Task: Gather every line below where "Longrightarrow" appears.

Listed records:
lemma dot3_Pair [simp]: "dot3 (a1, a2, a3) (b1, b2, b3) = a1 * b1 + a2 * b2 + a3 * b3"
  by (simp add: dot3_def)

lemma dot3_commute: "dot3 a b = dot3 b a"
  by (simp add: dot3_def mult.commute)

lemma smult3_Pair [simp]: "smult3 a (x, y, z) = (a * x, a * y, a * z)"
  by (simp add: smult3_def)

lemma smult3_eq: "smult3 a v = (a * fst v, a * fst (snd v), a * snd (snd v))"
  by (cases v) simp

lemma smult3_zero_left [simp]: "smult3 0 v = (0, 0, 0)"
  by (cases v) simp

lemma smult3_one [simp]: "smult3 1 v = v"
  by (cases v) simp

lemma smult3_smult3: "smult3 a (smult3 b v) = smult3 (a * b) v"
  by (cases v) (simp add: mult.assoc)

lemma smult3_eq_zero_iff: "smult3 a v = (0, 0, 0) \<longleftrightarrow> a = 0 \<or> v = (0, 0, 0)"
  by (cases v) auto

lemma smult3_of_real: "smult3 (of_real r) v = r *\<^sub>R v"
  by (cases v) (simp add: scaleR_conv_of_real)

lemma dot3_smult3_right: "dot3 a (smult3 t b) = t * dot3 a b"
  by (cases a, cases b) (simp add: algebra_simps)

lemma dot3_has_derivative: "(dot3 e has_derivative dot3 e) F"
  unfolding dot3_def[abs_def]
  by (rule derivative_eq_intros refl)+

definition cnj3 :: "pt3 \<Rightarrow> pt3" where
  "cnj3 v = (cnj (fst v), cnj (fst (snd v)), cnj (snd (snd v)))"

lemma dot3_cnj3_self_nonzero:
  assumes "v \<noteq> (0, 0, 0)"
  shows "dot3 (cnj3 v) v \<noteq> 0"
proof (cases v)
  case (fields x y z)
  have "dot3 (cnj3 v) v = x * cnj x + y * cnj y + z * cnj z"
    by (simp add: fields cnj3_def mult.commute)
  also have "\<dots> = of_real ((cmod x)\<^sup>2 + (cmod y)\<^sup>2 + (cmod z)\<^sup>2)"
    by (simp only: of_real_add complex_norm_square)
  finally have "dot3 (cnj3 v) v = of_real ((cmod x)\<^sup>2 + (cmod y)\<^sup>2 + (cmod z)\<^sup>2)" .
  moreover have "(cmod x)\<^sup>2 > 0 \<or> (cmod y)\<^sup>2 > 0 \<or> (cmod z)\<^sup>2 > 0"
    using assms fields by auto
  then have "(cmod x)\<^sup>2 + (cmod y)\<^sup>2 + (cmod z)\<^sup>2 > 0"
    using zero_le_power2[of "cmod x"] zero_le_power2[of "cmod y"] zero_le_power2[of "cmod z"]
    by linarith
  ultimately show ?thesis
    by (simp del: of_real_add of_real_power)
qed

(* Cramer's rule: up to the factor det(a, b, e), the vectors b \<times> e, e \<times> a, a \<times> b are
   the basis dual to a, b, e under the bilinear form dot3. *)
lemma smult3_triple_product:
  "smult3 (dot3 e (Defs.cross3 a b)) h
     = smult3 (dot3 h a) (Defs.cross3 b e) + smult3 (dot3 h b) (Defs.cross3 e a)
       + smult3 (dot3 h e) (Defs.cross3 a b)"
  by (cases a, cases b, cases e, cases h) (simp add: Defs.cross3_def algebra_simps)

(* The common kernel of u1 and u2 is spanned by v.  It is cut down by cnj3 v rather than by v
   itself because dot3 v v may vanish for v \<noteq> 0. *)
lemma dot3_kernel_trivial:
  assumes "Defs.cross3 u1 u2 \<noteq> (0, 0, 0)" "v \<noteq> (0, 0, 0)" "dot3 v u1 = 0" "dot3 v u2 = 0"
    and "dot3 h u1 = 0" "dot3 h u2 = 0" "dot3 h (cnj3 v) = 0"
  shows "h = (0, 0, 0)"
proof -
  have det: "dot3 (cnj3 v) (Defs.cross3 u1 u2) \<noteq> 0"
  proof
    assume "dot3 (cnj3 v) (Defs.cross3 u1 u2) = 0"
    then have "smult3 (dot3 v (cnj3 v)) (Defs.cross3 u1 u2) = (0, 0, 0)"
      using smult3_triple_product[of "cnj3 v" u1 u2 v] assms(3,4)
      by (cases "Defs.cross3 u1 u2") simp
    with assms(1) dot3_cnj3_self_nonzero[OF assms(2)] show False
      by (simp add: smult3_eq_zero_iff dot3_commute)
  qed
  have "smult3 (dot3 (cnj3 v) (Defs.cross3 u1 u2)) h = (0, 0, 0)"
    using smult3_triple_product[of "cnj3 v" u1 u2 h] assms(5-7) by simp
  with det show ?thesis
    by (simp add: smult3_eq_zero_iff)
qed

section \<open>Homogeneous forms\<close>

lemma hpoly_Pair: "hpoly d c v = (\<Sum>i\<le>d. \<Sum>j\<le>d-i. c i j * fst v ^ i * fst (snd v) ^ j * snd (snd v) ^ (d-i-j))"
  by (cases v) (simp add: hpoly_def)

lemma hpoly_smult3: "hpoly d c (smult3 a v) = a ^ d * hpoly d c v"
proof -
  have "(a * x) ^ i * (a * y) ^ j * (a * z) ^ (d - i - j) = a ^ d * (x ^ i * y ^ j * z ^ (d - i - j))"
    if "i + j \<le> d" for i j and x y z :: complex
  proof -
    have "a ^ d = a ^ i * a ^ j * a ^ (d - i - j)"
      using that by (simp flip: power_add)
    then show ?thesis by (simp add: power_mult_distrib)
  qed
  then show ?thesis
    by (cases v) (simp add: hpoly_def sum_distrib_left mult.assoc mult.left_commute[of _ "a ^ d"])
qed

lemma hpoly_origin: "d \<ge> 1 \<Longrightarrow> hpoly d c (0, 0, 0) = 0"
  using hpoly_smult3[of d c 0 "(0, 0, 0)"] by (simp add: power_0_left)

lemma dot3_hgrad:
  "dot3 (hgrad d c (x, y, z)) (h1, h2, h3) = (\<Sum>i\<le>d. \<Sum>j\<le>d-i. c i j *
     (of_nat i * x^(i-1) * y^j * z^(d-i-j) * h1 + of_nat j * x^i * y^(j-1) * z^(d-i-j) * h2
      + of_nat (d-i-j) * x^i * y^j * z^(d-i-j-1) * h3))"
  by (simp add: hgrad_def hpoly_dx_def hpoly_dy_def hpoly_dz_def sum_distrib_right
      flip: sum.distrib) (simp add: algebra_simps)

lemma euler_monomial:
  fixes x y z :: complex
  shows "of_nat i * x^(i-1) * y^j * z^m * x + of_nat j * x^i * y^(j-1) * z^m * y
     + of_nat m * x^i * y^j * z^(m-1) * z = of_nat (i + j + m) * (x^i * y^j * z^m)"
proof -
  have pow: "of_nat n * w^(n-1) * w = of_nat n * w^n" for n and w :: complex
    by (cases n) auto
  have "of_nat i * x^(i-1) * y^j * z^m * x + of_nat j * x^i * y^(j-1) * z^m * y
      + of_nat m * x^i * y^j * z^(m-1) * z
      = (of_nat i * x^(i-1) * x) * (y^j * z^m) + (of_nat j * y^(j-1) * y) * (x^i * z^m)
        + (of_nat m * z^(m-1) * z) * (x^i * y^j)"
    by (simp add: algebra_simps)
  also have "\<dots> = of_nat i * x^i * (y^j * z^m) + of_nat j * y^j * (x^i * z^m)
        + of_nat m * z^m * (x^i * y^j)"
    by (simp only: pow)
  finally show ?thesis
    by (simp add: algebra_simps)
qed

lemma euler: "dot3 (hgrad d c v) v = of_nat d * hpoly d c v"
proof (cases v)
  case (fields x y z)
  have "dot3 (hgrad d c v) v = (\<Sum>i\<le>d. \<Sum>j\<le>d-i. c i j *
     (of_nat i * x^(i-1) * y^j * z^(d-i-j) * x + of_nat j * x^i * y^(j-1) * z^(d-i-j) * y
      + of_nat (d-i-j) * x^i * y^j * z^(d-i-j-1) * z))"
    by (simp add: fields dot3_hgrad)
  also have "\<dots> = (\<Sum>i\<le>d. \<Sum>j\<le>d-i. of_nat d * (c i j * x^i * y^j * z^(d-i-j)))"
  proof (intro sum.cong refl)
    fix i j assume "i \<in> {..d}" "j \<in> {..d-i}"
    then show "c i j * (of_nat i * x^(i-1) * y^j * z^(d-i-j) * x
        + of_nat j * x^i * y^(j-1) * z^(d-i-j) * y + of_nat (d-i-j) * x^i * y^j * z^(d-i-j-1) * z)
      = of_nat d * (c i j * x^i * y^j * z^(d-i-j))"
      using euler_monomial[where i=i and j=j and m="d-i-j" and x=x and y=y and z=z]
      by (simp add: algebra_simps)
  qed
  also have "\<dots> = of_nat d * hpoly d c v"
    by (simp add: fields hpoly_def sum_distrib_left)
  finally show ?thesis .
qed

lemma hpoly_has_derivative: "(hpoly d c has_derivative dot3 (hgrad d c v)) (at v)"
proof -
  obtain x y z where v: "v = (x, y, z)" by (cases v)
  have "((\<lambda>w. \<Sum>i\<le>d. \<Sum>j\<le>d-i. c i j * fst w ^ i * fst (snd w) ^ j * snd (snd w) ^ (d-i-j))
      has_derivative dot3 (hgrad d c v)) (at v)"
    unfolding v
    by (rule has_derivative_eq_rhs, (rule derivative_eq_intros refl)+)
      (simp add: fun_eq_iff dot3_hgrad, intro allI sum.cong refl, simp add: algebra_simps)
  then show ?thesis by (simp add: hpoly_Pair[abs_def])
qed

lemma closed_hpoly_zeros: "closed {v. hpoly d c v = 0}"
proof -
  have "continuous_on UNIV (hpoly d c)"
    by (intro continuous_at_imp_continuous_on ballI has_derivative_continuous[OF hpoly_has_derivative])
  then show ?thesis
    using closed_Collect_eq[of "hpoly d c" "\<lambda>_. 0"] by simp
qed

lemma proj_smult3:
  assumes "a \<noteq> 0"
  shows "proj (smult3 a v) = proj v"
proof (intro equalityI subsetI)
  fix w assume "w \<in> proj (smult3 a v)"
  then obtain b where "b \<noteq> 0" "w = smult3 (b * a) v"
    unfolding proj_def by (auto simp: smult3_smult3)
  with assms show "w \<in> proj v"
    unfolding proj_def by auto
next
  fix w assume "w \<in> proj v"
  then obtain b where "b \<noteq> 0" "w = smult3 (b / a) (smult3 a v)"
    unfolding proj_def using assms by (auto simp: smult3_smult3)
  with assms show "w \<in> proj (smult3 a v)"
    unfolding proj_def by auto
qed

lemma proj_eqD: "proj v = proj w \<Longrightarrow> \<exists>a. a \<noteq> 0 \<and> w = smult3 a v"
proof -
  assume "proj v = proj w"
  moreover have "w \<in> proj w"
    unfolding proj_def by (cases w) (auto intro: exI[of _ 1])
  ultimately show ?thesis
    unfolding proj_def by blast
qed

lemma proj_in_curve_iff:
  assumes "v \<noteq> (0, 0, 0)"
  shows "proj v \<in> curve d c \<longleftrightarrow> hpoly d c v = 0"
proof
  assume "proj v \<in> curve d c"
  then obtain w where "proj w = proj v" "hpoly d c w = 0"
    unfolding curve_def by blast
  then show "hpoly d c v = 0"
    by (auto simp: hpoly_smult3 dest!: proj_eqD)
next
  assume "hpoly d c v = 0"
  with assms show "proj v \<in> curve d c"
    unfolding curve_def by blast
qed

section \<open>Any two plane curves meet\<close>

definition poly2 :: "'a::comm_semiring_1 poly poly \<Rightarrow> 'a \<Rightarrow> 'a \<Rightarrow> 'a" where
  "poly2 P x y = poly (map_poly (\<lambda>p. poly p y) P) x"

lemma poly2_mult: "poly2 (P * Q) x y = poly2 P x y * poly2 Q x (y::'a::comm_ring_1)"
proof -
  interpret map_poly_comm_ring_hom "\<lambda>p. poly p y"
    by unfold_locales auto
  show ?thesis
    by (simp add: poly2_def hom_mult)
qed

lemma poly2_nonzero_somewhere:
  fixes P :: "complex poly poly"
  assumes "P \<noteq> 0"
  shows "\<exists>x y. poly2 P x y \<noteq> 0"
proof -
  obtain y where y: "poly (lead_coeff P) y \<noteq> 0"
    using assms poly_all_0_iff_0 by (metis leading_coeff_0_iff)
  then have "coeff (map_poly (\<lambda>p. poly p y) P) (degree P) \<noteq> 0"
    by (simp add: coeff_map_poly)
  then have "map_poly (\<lambda>p. poly p y) P \<noteq> 0"
    by (metis coeff_0)
  then obtain x where "poly (map_poly (\<lambda>p. poly p y) P) x \<noteq> 0"
    using poly_all_0_iff_0 by blast
  then show ?thesis
    unfolding poly2_def by blast
qed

Exercise result:
lemma hpoly_origin: "d \<ge> 1 \<Longrightarrow> hpoly d c (0, 0, 0) = 0"
lemma proj_eqD: "proj v = proj w \<Longrightarrow> \<exists>a. a \<noteq> 0 \<and> w = smult3 a v"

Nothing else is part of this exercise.